When we deploy a new Proxmox Backup Server on one of our managed servers, the ISO install takes a few minutes. ZFS tuning, datastore creation, the first backup tested and at least one VM backed up takes one to two hours. This tutorial follows the sequence we apply internally, adapted for someone installing their first PBS.
The goal is that by the end you have a working PBS 4.2, a properly tuned ZFS datastore, a Proxmox VE host pushing its backups to it, and a restore test that proves the chain works. That is the minimum to call a PBS “production-ready”. All commands have been verified on PVE 9 and PBS 4.2, the reference versions in 2026.
Hardware and network prerequisites
PBS is light on CPU and RAM. On disks, much less so. We start there because it is the line item people get wrong most often.
CPU and RAM. For a small-fleet PBS (up to 30-40 VMs, 5-10 TB of useful data), 4 cores and 16 GB of RAM are enough. Above that, plan roughly 0.5 GB of RAM per TB of raw datastore for ZFS ARC, plus 4-8 GB for the system and PBS jobs. Our typical sizing for a dedicated PBS handling 50-100 VMs sits at 8 cores and 32-64 GB.
Disks. Three roles to separate:
- System: 2x SSDs in a ZFS mirror. 240 GB is plenty.
- Main datastore: HDD or NVMe array depending on budget.

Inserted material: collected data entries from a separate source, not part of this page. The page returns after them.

(* There is an absolute constant $c>0$ such that, for all sufficiently large $n$ and every $1\le k\le n$, the half-lazy $k$-column transvection walk $Q_{n,k}$ on $\mathrm{St}(n,k)$ satisfies \[ \tau_{\mathrm{mix}}(Q_{n,k})\ge c\max\left(n\log n,\ \frac{nk}{\log(en)}\right). \]
   Context: Let $V=\mathbb F_2^k$ and $\mathrm{St}(n,k)=\{(z_1,\dots,z_n)\in V^n:\operatorname{span}(z_1,\dots,z_n)=V\}$. The $k$-column transvection kernel $P_{n,k}$ on $\mathrm{St}(n,k)$ is: choose an ordered pair $(a,b)$ of distinct indices in $\{1,\dots,n\}$ uniformly at random and replace $z_b$ by $z_b+z_a$, leaving other rows unchanged. The half-lazy kernel is $Q_{n,k}=\tfrac12(I+P_{n,k})$, with uniform stationary distribution $\pi$ on $\mathrm{St}(n,k)$. The mixing time is $\tau_{\mathrm{mix}}(Q)=\min\{t\ge0:\max_x\|Q^t(x,\cdot)-\pi\|_{\mathrm{TV}}\le1/4\}$. *)

theory Defs
  imports Complex_Main
begin

text \<open>Vectors of V = F_2^k are represented as bool lists of length k
  (True = 1, False = 0); addition is coordinatewise XOR.
  A configuration (z_1,...,z_n) is a list of n such vectors (0-indexed).\<close>

definition vadd :: "bool list \<Rightarrow> bool list \<Rightarrow> bool list" where
  "vadd u v = map2 (\<noteq>) u v"

definition vsum :: "nat \<Rightarrow> bool list list \<Rightarrow> nat set \<Rightarrow> bool list" where
  "vsum k zs S = map (\<lambda>j. odd (card {i \<in> S. zs ! i ! j})) [0..<k]"

definition spans :: "nat \<Rightarrow> bool list list \<Rightarrow> bool" where
  "spans k zs \<longleftrightarrow> (\<forall>v. length v = k \<longrightarrow> (\<exists>S \<subseteq> {..<length zs}. vsum k zs S = v))"

definition St :: "nat \<Rightarrow> nat \<Rightarrow> bool list list set" where
  "St n k = {zs. length zs = n \<and> (\<forall>z \<in> set zs. length z = k) \<and> spans k zs}"

definition Pker :: "nat \<Rightarrow> bool list list \<Rightarrow> bool list list \<Rightarrow> real" where
  "Pker n x y = real (card {(a, b). a < n \<and> b < n \<and> a \<noteq> b \<and> x[b := vadd (x ! b) (x ! a)] = y})
                / (real n * (real n - 1))"

definition Qker :: "nat \<Rightarrow> bool list list \<Rightarrow> bool list list \<Rightarrow> real" where
  "Qker n x y = (1/2) * ((if x = y then 1 else 0) + Pker n x y)"

fun Qpow :: "nat \<Rightarrow> nat \<Rightarrow> nat \<Rightarrow> bool list list \<Rightarrow> bool list list \<Rightarrow> real" where
  "Qpow n k 0 x y = (if x = y then 1 else 0)"
| "Qpow n k (Suc t) x y = (\<Sum>w \<in> St n k. Qpow n k t x w * Qker n w y)"

definition tv_dist :: "nat \<Rightarrow> nat \<Rightarrow> nat \<Rightarrow> bool list list \<Rightarrow> real" where
  "tv_dist n k t x = (1/2) * (\<Sum>y \<in> St n k. \<bar>Qpow n k t x y - 1 / real (card (St n k))\<bar>)"

definition tau_mix :: "nat \<Rightarrow> nat \<Rightarrow> nat" where
  "tau_mix n k = (LEAST t. \<forall>x \<in> St n k. tv_dist n k t x \<le> 1/4)"

end

theory Submission
  imports Defs "HOL-Real_Asymp.Real_Asymp"
begin

text \<open>
  Both lower bounds compare the walk started at the standard frame with the uniform distribution.

  Counting: a step has at most \<open>n^2\<close> outcomes, so after \<open>t\<close> steps the walk lives on at most
  \<open>n^(2t)\<close> frames, while there are at least \<open>2^((nk - 1)/4)\<close> frames (block upper triangular ones);
  being \<open>1/4\<close>-close to uniform therefore forces \<open>t \<ge> c nk / log n\<close>.

  Coupon collector: a transvection can only create a nonzero row out of a nonzero source row, so the
  expected number of nonzero rows grows at most by the factor \<open>1 + 1/(2n)\<close> per step, starting from
  \<open>k\<close>.  A uniform frame, however, has more than \<open>n/8\<close> nonzero rows with probability at least
  \<open>3/7\<close>, because each fixed row vanishes for at most half of all frames.  For \<open>k \<le> c sqrt n\<close> this
  rules out mixing before \<open>n log n\<close> steps; for larger \<open>k\<close> the counting bound dominates.

  That the mixing time is attained at all follows from connectivity of the frames under transvections
  (row reduction) together with laziness, by a Doeblin contraction.
\<close>

lemma sum_le_markov:
  fixes p f :: "'a \<Rightarrow> real"
  assumes "finite S" "B \<subseteq> S" "0 < c"
    and "\<And>y. y \<in> S \<Longrightarrow> 0 \<le> p y" "\<And>y. y \<in> S \<Longrightarrow> 0 \<le> f y" "\<And>y. y \<in> B \<Longrightarrow> c \<le> f y"
  shows "(\<Sum>y\<in>B. p y) \<le> (\<Sum>y\<in>S. p y * f y) / c"
proof -
  have "(\<Sum>y\<in>B. p y) \<le> (\<Sum>y\<in>B. p y * f y / c)"
  proof (intro sum_mono)
    fix y assume "y \<in> B"
    with assms have "p y * c \<le> p y * f y"
      by (intro mult_left_mono) auto
    with \<open>0 < c\<close> show "p y \<le> p y * f y / c"
      by (simp add: le_divide_eq)
  qed
  also have "\<dots> \<le> (\<Sum>y\<in>S. p y * f y / c)"
    using assms by (intro sum_mono2) auto
  finally show ?thesis
    by (simp add: sum_divide_distrib)
qed

lemma one_plus_power_le_exp: "-1 \<le> a \<Longrightarrow> (1 + a) ^ t \<le> exp (real t * a)"
  using power_mono[OF exp_ge_add_one_self[of a], of t] by (simp add: exp_of_nat_mult)

lemma exp_lt_sqrt_if_lt_mult_ln:
  assumes "0 < x" and "t < x * ln x"
  shows "exp (t / (2 * x)) < sqrt x"
proof -
  have "t / (2 * x) < ln x / 2"
    using assms by (simp add: field_simps)
  moreover have "sqrt x = exp (ln x / 2)"
    using assms by (simp add: powr_half_sqrt[symmetric] powr_def)
  ultimately show ?thesis
    by simp
qed

lemma card_relpowp_le:
  fixes R :: "'a \<Rightarrow> 'a \<Rightarrow> bool"
  assumes "\<And>x. finite {y. R x y}" and "\<And>x. card {y. R x y} \<le> m"
  shows "finite {y. (R ^^ t) x y} \<and> card {y. (R ^^ t) x y} \<le> m ^ t"
proof (induction t)
  case 0
  have "{y. (R ^^ 0) x y} = {x}"
    by auto
  then show ?case by simp
next
  case (Suc t)
  have step: "{y. (R ^^ Suc t) x y} = (\<Union>w\<in>{y. (R ^^ t) x y}. {y. R w y})"
    by auto
  have "card {y. (R ^^ Suc t) x y} \<le> (\<Sum>w\<in>{y. (R ^^ t) x y}. card {y. R w y})"
    unfolding step using Suc by (intro card_UN_le) simp
  also have "\<dots> \<le> card {y. (R ^^ t) x y} * m"
    using sum_bounded_above[of _ "\<lambda>w. card {y. R w y}" m] assms(2) by simp
  also have "\<dots> \<le> m ^ Suc t"
    using mult_right_mono[of "card {y. (R ^^ t) x y}" "m ^ t" m] Suc by (simp add: mult.commute)
  finally have "card {y. (R ^^ Suc t) x y} \<le> m ^ Suc t" .
  moreover have "finite {y. (R ^^ Suc t) x y}"
    unfolding step using Suc assms(1) by blast
  ultimately show ?case by blast
qed

section \<open>Vectors over F_2\<close>

abbreviation vzero :: "nat \<Rightarrow> bool list" where
  "vzero k \<equiv> replicate k False"

definition indicator_vec :: "nat \<Rightarrow> nat set \<Rightarrow> bool list" where
  "indicator_vec k T = map (\<lambda>j. j \<in> T) [0..<k]"

abbreviation unit_vec :: "nat \<Rightarrow> nat \<Rightarrow> bool list" where
  "unit_vec k i \<equiv> indicator_vec k {i}"

lemma length_indicator_vec [simp]: "length (indicator_vec k T) = k"
  by (simp add: indicator_vec_def)

lemma nth_indicator_vec [simp]: "j < k \<Longrightarrow> indicator_vec k T ! j = (j \<in> T)"
  by (simp add: indicator_vec_def)

lemma length_vadd [simp]: "length (vadd u v) = min (length u) (length v)"
  by (simp add: vadd_def)

lemma nth_vadd [simp]: "i < length u \<Longrightarrow> i < length v \<Longrightarrow> vadd u v ! i = (u ! i \<noteq> v ! i)"
  by (simp add: vadd_def)

lemma length_vsum [simp]: "length (vsum k zs S) = k"
  by (simp add: vsum_def)

lemma nth_vsum [simp]: "j < k \<Longrightarrow> vsum k zs S ! j = odd (card {i \<in> S. zs ! i ! j})"
  by (simp add: vsum_def)

lemma vadd_commute: "vadd u v = vadd v u"
  by (rule nth_equalityI) auto

lemma vadd_assoc: "vadd (vadd u v) w = vadd u (vadd v w)"
  by (rule nth_equalityI) auto

lemma vadd_vadd_cancel: "length u = length v \<Longrightarrow> vadd (vadd u v) v = u"
  by (rule nth_equalityI) auto

lemma vadd_self: "vadd v v = vzero (length v)"
  by (rule nth_equalityI) auto

lemma vadd_vzero: "length u \<le> m \<Longrightarrow> vadd u (vzero m) = u"
  by (rule nth_equalityI) auto

lemma vadd_indicator_vec_insert:
  "j \<notin> T \<Longrightarrow> indicator_vec k (insert j T) = vadd (unit_vec k j) (indicator_vec k T)"
  by (rule nth_equalityI) auto

lemma odd_card_sym_diff:
  assumes "finite A" "finite B"
  shows "odd (card (sym_diff A B)) \<longleftrightarrow> odd (card A) \<noteq> odd (card B)"
proof -
  have "card (sym_diff A B) = card (A - B) + card (B - A)"
    using assms by (intro card_Un_disjoint) auto
  moreover have "card A = card (A - B) + card (A \<inter> B)" "card B = card (B - A) + card (A \<inter> B)"
    using assms by (simp_all add: card_Int_Diff[of B A] card_Int_Diff[of A B] Int_commute)
  ultimately show ?thesis by auto
qed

RAIDZ2 if double-disk resilience matters most, mirror if random-IO performance matters most.
- ZFS special device (recommended for HDD pools): 2x NVMe SSDs in mirror, sized to about 0.3% of the pool size. That is what turns a 6-hour PBS garbage collection into a 40-minute one on HDD pools.
Network. 2x 10 Gb interfaces minimum if you target backup throughput above 500 MB/s. At 1 Gb you saturate at 110 MB/s, which works for 5-10 TB of data but becomes limiting beyond that. Plan LACP or failover across the two links.
OS and version. PBS 4.2 is based on Debian 13. x86_64 only, ARM is not officially supported. We do not recommend stacking PBS on an existing PVE: technically possible, but it mixes responsibilities, complicates reboots, and creates dependencies you regret on incident day.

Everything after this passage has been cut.